## DATA SUPPLIED
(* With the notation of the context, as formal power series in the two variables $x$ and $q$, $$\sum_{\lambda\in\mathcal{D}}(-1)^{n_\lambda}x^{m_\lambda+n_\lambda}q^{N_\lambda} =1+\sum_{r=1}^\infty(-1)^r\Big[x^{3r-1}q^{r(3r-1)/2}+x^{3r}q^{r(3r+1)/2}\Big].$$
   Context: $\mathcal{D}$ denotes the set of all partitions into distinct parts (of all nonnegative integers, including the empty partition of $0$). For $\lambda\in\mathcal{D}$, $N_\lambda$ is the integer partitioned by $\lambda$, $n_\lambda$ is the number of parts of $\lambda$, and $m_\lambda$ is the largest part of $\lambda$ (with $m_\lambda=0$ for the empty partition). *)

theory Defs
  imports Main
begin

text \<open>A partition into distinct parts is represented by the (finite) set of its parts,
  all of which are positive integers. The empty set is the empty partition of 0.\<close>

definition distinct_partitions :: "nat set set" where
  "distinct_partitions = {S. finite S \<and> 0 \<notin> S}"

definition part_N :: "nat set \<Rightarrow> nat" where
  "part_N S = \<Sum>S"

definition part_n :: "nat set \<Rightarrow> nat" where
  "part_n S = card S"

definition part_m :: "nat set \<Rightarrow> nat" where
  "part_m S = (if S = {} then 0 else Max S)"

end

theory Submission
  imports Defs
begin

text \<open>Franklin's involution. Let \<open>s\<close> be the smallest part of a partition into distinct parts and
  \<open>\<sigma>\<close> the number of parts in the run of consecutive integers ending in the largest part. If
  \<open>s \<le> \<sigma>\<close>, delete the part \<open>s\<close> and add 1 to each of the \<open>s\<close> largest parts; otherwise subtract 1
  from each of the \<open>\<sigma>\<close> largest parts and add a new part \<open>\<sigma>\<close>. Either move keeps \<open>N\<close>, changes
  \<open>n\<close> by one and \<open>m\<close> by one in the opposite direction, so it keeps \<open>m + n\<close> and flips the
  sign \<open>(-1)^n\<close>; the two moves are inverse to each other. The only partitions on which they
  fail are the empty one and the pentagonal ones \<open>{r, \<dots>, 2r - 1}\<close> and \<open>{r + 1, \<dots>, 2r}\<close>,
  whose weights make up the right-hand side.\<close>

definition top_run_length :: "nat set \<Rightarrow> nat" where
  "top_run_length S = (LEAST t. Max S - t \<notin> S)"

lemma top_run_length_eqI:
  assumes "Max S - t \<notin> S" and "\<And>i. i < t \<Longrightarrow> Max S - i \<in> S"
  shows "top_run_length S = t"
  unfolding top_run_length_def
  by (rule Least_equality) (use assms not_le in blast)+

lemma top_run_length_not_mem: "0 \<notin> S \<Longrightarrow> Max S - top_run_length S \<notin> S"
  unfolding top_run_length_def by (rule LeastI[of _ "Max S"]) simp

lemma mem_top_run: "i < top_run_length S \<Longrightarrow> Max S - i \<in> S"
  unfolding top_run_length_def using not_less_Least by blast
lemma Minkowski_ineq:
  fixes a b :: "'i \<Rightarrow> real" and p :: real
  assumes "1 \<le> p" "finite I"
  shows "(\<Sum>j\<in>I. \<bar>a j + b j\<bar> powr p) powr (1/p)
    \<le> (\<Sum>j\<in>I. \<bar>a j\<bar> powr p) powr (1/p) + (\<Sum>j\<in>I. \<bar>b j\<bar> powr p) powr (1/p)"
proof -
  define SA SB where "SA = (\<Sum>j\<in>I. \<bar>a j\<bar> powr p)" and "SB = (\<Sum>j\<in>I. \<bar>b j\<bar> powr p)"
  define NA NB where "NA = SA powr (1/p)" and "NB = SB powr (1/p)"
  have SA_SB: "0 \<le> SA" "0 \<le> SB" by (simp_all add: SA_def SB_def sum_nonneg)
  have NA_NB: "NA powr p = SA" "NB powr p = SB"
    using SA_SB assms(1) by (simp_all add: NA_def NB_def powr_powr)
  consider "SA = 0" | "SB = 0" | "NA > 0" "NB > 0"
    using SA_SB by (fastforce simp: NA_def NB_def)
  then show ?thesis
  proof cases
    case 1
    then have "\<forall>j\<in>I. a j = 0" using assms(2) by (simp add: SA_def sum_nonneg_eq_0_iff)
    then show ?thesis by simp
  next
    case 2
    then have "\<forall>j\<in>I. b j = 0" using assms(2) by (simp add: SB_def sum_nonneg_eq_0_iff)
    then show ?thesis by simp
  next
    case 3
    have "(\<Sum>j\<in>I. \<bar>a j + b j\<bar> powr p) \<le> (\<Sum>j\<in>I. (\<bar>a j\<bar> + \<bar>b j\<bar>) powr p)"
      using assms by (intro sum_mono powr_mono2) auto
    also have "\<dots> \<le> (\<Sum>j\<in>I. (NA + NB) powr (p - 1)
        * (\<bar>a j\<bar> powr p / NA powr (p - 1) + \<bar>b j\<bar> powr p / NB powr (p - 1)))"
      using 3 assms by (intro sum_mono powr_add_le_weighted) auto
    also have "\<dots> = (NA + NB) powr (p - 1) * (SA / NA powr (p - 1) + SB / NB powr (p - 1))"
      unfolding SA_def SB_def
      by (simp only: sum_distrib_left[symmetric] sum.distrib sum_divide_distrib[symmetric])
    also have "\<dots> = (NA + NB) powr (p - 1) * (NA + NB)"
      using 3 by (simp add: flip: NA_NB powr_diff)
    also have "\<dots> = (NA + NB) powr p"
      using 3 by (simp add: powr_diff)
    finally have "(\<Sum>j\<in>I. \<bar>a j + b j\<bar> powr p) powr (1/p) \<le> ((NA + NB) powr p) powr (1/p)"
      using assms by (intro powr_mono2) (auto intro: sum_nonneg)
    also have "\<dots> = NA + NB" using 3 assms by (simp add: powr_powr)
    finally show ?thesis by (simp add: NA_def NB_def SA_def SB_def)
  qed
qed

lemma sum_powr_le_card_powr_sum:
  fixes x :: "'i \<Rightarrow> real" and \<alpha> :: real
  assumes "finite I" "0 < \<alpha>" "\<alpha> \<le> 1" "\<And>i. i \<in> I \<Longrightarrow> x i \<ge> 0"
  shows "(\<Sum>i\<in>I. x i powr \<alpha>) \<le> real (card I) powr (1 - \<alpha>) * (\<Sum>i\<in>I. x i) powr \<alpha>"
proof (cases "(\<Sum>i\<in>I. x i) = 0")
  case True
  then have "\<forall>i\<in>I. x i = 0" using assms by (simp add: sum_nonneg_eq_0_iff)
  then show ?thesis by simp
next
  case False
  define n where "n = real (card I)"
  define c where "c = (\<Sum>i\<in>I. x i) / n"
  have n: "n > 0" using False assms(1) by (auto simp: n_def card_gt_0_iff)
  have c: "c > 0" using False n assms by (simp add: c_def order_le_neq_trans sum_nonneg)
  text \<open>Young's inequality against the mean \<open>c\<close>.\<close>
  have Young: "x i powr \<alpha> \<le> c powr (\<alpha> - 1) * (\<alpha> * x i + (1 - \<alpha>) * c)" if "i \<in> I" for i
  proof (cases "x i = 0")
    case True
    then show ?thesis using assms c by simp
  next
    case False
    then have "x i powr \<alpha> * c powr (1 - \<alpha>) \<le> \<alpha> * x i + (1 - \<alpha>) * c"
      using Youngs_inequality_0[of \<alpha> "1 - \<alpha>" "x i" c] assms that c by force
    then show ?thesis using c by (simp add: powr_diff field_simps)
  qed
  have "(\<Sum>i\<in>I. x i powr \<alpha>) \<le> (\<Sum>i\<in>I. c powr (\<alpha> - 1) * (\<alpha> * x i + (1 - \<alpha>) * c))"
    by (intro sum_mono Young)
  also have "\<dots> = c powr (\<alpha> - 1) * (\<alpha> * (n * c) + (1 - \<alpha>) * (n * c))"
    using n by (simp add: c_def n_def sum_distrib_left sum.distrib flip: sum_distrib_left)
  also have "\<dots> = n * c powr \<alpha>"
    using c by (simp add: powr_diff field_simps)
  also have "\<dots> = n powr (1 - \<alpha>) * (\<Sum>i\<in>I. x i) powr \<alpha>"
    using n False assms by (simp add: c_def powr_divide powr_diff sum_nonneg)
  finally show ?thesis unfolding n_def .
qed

* * *

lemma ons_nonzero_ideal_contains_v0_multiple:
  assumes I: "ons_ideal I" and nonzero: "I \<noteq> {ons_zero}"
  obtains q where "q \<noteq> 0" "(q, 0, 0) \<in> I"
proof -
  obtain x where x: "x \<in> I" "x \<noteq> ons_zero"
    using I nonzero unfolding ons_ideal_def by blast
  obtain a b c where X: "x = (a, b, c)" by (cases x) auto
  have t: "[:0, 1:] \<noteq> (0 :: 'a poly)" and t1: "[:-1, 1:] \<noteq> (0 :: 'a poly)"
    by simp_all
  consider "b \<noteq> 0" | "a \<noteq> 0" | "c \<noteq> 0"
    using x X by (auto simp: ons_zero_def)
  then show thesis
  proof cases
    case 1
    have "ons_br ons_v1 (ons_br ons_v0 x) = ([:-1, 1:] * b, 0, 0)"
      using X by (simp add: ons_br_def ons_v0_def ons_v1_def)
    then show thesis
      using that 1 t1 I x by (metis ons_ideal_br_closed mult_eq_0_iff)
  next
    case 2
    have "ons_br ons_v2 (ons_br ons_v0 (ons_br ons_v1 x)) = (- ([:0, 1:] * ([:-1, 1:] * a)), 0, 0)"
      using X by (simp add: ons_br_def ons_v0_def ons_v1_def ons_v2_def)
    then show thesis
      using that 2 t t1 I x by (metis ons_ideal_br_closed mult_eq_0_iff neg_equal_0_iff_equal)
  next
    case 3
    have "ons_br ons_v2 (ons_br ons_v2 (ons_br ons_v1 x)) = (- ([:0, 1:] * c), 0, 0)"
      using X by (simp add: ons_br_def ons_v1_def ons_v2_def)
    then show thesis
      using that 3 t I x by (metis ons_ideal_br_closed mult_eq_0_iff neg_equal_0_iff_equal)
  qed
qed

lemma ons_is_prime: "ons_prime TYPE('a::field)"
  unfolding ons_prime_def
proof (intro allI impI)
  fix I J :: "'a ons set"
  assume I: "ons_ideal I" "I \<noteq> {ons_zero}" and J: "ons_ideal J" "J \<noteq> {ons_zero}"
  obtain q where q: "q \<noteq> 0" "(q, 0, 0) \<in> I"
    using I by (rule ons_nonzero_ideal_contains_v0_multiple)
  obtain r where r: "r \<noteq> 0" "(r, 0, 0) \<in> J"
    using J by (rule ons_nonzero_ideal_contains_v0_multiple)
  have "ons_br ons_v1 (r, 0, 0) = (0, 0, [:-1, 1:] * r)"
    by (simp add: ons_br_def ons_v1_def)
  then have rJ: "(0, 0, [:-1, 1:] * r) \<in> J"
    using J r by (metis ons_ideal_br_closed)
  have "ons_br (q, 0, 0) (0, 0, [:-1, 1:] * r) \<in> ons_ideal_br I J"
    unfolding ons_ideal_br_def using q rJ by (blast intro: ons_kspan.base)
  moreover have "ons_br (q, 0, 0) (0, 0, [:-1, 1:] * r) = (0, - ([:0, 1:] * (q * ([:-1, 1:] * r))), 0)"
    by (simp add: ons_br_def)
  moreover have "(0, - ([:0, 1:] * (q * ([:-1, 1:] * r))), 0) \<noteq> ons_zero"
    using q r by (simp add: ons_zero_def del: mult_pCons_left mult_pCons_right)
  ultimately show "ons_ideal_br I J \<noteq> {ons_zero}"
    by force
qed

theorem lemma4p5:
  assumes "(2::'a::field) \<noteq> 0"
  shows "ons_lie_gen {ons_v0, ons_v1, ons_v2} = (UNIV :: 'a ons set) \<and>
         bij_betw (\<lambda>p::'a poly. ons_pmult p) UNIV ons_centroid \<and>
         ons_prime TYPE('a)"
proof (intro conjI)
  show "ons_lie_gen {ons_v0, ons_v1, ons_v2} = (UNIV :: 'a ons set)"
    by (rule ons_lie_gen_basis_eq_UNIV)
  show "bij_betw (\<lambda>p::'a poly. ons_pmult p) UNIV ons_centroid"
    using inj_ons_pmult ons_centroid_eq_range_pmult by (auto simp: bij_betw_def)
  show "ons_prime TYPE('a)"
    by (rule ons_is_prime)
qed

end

--

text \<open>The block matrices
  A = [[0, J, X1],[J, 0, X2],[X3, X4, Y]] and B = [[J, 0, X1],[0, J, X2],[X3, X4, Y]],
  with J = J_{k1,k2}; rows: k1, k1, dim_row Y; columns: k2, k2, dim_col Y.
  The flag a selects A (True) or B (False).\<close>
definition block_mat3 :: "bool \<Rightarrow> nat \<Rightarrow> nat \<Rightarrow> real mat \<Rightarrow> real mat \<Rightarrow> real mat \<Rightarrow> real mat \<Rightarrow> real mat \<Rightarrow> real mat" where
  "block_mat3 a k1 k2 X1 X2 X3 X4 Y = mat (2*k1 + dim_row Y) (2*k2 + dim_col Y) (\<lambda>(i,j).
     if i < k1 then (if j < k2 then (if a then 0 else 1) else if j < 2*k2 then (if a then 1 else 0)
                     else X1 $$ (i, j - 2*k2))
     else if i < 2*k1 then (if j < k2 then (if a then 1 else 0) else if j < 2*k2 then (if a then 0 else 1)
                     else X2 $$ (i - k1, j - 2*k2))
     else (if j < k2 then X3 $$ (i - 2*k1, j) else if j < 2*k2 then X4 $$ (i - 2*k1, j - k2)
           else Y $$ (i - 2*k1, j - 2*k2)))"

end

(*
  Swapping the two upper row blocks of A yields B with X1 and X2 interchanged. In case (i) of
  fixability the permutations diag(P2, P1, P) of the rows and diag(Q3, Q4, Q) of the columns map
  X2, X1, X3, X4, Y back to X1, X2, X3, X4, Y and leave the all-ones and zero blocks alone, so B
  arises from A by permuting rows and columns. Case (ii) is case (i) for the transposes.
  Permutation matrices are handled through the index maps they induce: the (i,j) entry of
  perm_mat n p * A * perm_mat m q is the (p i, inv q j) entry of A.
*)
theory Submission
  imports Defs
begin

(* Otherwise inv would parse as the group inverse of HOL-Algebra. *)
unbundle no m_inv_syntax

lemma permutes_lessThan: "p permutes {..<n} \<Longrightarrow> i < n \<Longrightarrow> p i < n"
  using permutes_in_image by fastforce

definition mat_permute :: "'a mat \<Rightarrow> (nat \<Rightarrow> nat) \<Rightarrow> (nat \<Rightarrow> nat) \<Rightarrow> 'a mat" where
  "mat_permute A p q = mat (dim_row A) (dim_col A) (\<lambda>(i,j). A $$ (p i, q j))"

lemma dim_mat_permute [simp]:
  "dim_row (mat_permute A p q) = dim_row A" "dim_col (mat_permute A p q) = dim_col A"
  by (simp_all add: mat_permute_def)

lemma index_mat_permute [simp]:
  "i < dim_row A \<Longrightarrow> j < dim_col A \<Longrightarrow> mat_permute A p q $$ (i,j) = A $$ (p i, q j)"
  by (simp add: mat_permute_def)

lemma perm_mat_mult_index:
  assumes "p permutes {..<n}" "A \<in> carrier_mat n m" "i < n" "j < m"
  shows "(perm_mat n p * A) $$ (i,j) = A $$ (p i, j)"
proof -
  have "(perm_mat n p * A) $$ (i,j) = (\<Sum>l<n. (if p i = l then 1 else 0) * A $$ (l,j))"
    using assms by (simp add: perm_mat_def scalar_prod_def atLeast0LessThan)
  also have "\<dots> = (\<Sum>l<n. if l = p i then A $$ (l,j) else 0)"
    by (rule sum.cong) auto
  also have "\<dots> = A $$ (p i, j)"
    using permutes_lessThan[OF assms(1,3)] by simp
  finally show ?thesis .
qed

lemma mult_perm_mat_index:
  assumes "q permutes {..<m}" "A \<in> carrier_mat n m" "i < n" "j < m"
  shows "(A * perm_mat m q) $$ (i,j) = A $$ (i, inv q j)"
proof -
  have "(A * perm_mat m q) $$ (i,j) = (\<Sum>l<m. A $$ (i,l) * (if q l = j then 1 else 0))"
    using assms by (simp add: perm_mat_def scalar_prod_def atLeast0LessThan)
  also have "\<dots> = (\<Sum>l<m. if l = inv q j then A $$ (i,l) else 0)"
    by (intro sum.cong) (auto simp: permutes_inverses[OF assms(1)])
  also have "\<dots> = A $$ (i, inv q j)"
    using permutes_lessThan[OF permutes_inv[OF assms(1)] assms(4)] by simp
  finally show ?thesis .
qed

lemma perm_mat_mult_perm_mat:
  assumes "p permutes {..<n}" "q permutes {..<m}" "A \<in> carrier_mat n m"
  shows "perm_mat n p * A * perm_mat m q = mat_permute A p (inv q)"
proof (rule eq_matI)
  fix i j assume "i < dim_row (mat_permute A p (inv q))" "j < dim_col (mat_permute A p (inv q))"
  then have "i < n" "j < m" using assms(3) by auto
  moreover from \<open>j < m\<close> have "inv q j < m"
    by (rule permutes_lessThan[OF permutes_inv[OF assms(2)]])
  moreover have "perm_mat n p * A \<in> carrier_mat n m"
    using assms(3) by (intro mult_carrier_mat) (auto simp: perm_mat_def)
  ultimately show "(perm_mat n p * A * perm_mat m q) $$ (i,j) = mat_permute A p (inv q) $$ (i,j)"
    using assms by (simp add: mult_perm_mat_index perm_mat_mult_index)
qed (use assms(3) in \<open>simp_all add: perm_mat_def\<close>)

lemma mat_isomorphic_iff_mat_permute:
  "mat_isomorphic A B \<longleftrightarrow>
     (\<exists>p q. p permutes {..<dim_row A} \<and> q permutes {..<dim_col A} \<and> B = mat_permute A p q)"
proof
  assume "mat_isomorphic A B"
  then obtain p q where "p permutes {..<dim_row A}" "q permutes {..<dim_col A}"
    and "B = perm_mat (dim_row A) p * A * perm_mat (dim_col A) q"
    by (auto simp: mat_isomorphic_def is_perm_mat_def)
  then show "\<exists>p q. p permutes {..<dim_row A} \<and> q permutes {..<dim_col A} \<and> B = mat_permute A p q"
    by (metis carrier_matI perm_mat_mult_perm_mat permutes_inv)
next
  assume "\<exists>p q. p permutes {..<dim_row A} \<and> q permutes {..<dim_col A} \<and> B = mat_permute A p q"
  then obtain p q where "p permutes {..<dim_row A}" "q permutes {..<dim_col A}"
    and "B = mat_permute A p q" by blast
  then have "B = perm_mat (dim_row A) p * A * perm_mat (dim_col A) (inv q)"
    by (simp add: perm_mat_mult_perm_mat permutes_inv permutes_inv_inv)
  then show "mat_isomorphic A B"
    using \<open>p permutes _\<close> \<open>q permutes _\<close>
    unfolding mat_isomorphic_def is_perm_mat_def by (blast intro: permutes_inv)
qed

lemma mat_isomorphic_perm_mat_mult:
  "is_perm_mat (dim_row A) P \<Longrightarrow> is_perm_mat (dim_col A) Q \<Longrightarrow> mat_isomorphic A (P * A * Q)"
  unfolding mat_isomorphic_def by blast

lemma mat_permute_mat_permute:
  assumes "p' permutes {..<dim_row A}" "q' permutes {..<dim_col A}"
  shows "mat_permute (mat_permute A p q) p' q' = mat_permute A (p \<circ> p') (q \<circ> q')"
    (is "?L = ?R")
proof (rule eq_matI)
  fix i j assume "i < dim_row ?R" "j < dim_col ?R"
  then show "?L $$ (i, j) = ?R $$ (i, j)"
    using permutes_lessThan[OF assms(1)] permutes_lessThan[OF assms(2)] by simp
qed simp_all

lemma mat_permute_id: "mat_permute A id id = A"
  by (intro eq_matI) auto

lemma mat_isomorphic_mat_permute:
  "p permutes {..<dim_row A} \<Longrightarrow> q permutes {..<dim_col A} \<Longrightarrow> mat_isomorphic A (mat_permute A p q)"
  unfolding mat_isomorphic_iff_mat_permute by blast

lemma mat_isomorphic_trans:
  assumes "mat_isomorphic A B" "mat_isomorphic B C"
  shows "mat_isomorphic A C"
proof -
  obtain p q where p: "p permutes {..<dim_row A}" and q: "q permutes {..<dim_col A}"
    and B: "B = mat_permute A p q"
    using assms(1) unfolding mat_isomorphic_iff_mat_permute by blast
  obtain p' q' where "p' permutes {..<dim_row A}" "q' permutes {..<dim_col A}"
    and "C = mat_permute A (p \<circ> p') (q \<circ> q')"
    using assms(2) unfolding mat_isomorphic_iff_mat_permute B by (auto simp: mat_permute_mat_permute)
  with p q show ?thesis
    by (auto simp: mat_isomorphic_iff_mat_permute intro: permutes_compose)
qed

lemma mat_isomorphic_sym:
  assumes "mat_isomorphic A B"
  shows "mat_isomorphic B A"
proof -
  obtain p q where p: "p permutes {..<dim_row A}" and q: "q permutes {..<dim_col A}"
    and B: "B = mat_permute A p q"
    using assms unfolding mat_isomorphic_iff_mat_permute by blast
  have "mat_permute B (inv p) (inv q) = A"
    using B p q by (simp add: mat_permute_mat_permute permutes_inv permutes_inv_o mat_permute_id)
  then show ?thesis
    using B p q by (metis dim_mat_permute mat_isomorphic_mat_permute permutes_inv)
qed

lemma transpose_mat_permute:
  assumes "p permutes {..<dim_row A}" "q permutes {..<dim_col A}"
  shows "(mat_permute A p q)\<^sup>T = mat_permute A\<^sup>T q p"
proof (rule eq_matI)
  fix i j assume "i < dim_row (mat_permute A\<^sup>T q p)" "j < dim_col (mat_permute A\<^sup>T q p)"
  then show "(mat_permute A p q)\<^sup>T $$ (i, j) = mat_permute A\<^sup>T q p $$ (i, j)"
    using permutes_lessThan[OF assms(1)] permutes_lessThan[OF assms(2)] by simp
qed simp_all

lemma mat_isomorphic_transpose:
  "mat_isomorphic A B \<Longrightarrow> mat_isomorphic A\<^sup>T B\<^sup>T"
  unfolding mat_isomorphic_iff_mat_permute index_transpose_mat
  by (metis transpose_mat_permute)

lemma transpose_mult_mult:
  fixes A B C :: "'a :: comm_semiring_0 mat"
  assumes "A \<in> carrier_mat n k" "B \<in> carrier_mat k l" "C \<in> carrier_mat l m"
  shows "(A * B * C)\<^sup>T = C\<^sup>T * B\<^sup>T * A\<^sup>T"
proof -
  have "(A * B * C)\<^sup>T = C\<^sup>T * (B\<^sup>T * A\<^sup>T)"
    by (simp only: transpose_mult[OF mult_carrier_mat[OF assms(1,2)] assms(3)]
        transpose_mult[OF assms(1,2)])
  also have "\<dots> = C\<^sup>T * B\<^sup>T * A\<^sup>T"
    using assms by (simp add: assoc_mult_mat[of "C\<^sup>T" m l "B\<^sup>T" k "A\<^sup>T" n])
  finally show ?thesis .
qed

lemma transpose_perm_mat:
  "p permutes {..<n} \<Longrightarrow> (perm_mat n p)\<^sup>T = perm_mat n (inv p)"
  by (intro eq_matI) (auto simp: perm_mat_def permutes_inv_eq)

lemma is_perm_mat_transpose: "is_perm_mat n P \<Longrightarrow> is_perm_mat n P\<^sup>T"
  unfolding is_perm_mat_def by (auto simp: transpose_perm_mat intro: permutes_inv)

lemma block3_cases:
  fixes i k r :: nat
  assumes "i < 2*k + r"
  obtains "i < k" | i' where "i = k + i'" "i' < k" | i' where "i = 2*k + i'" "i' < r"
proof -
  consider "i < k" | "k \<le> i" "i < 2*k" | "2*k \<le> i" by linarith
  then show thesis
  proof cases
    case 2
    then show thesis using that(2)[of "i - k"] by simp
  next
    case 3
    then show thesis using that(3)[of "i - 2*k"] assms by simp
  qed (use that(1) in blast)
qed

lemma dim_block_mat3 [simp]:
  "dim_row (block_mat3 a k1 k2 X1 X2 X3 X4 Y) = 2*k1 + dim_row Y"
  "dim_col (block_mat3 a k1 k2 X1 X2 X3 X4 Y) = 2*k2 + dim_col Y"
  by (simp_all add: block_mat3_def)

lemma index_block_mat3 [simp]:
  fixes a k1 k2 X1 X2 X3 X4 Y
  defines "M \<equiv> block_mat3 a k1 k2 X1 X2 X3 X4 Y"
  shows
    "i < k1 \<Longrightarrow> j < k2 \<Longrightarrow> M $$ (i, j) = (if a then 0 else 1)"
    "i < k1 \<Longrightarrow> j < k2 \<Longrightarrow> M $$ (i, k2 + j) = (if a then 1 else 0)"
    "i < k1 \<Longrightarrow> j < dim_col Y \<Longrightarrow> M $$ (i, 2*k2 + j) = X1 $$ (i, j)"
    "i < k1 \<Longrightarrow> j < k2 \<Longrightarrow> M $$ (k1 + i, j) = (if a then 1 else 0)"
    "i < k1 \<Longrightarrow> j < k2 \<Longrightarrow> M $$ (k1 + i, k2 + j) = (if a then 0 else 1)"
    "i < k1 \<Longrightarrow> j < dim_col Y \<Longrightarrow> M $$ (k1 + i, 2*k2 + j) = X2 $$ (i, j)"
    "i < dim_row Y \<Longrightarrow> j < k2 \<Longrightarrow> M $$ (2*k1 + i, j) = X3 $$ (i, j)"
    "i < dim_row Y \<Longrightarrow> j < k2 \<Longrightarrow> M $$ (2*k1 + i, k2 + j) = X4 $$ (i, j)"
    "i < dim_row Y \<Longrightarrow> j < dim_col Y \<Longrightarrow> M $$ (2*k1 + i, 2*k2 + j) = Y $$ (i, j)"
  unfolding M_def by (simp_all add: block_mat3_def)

## EXERCISE BRIEF
If a line in the data above includes the string "forall", copy it.

## ANSWER SPACE
    then have "\<forall>j\<in>I. a j = 0" using assms(2) by (simp add: SA_def sum_nonneg_eq_0_iff)
    then have "\<forall>j\<in>I. b j = 0" using assms(2) by (simp add: SB_def sum_nonneg_eq_0_iff)
  then have "\<forall>i\<in>I. x i = 0" using assms by (simp add: sum_nonneg_eq_0_iff)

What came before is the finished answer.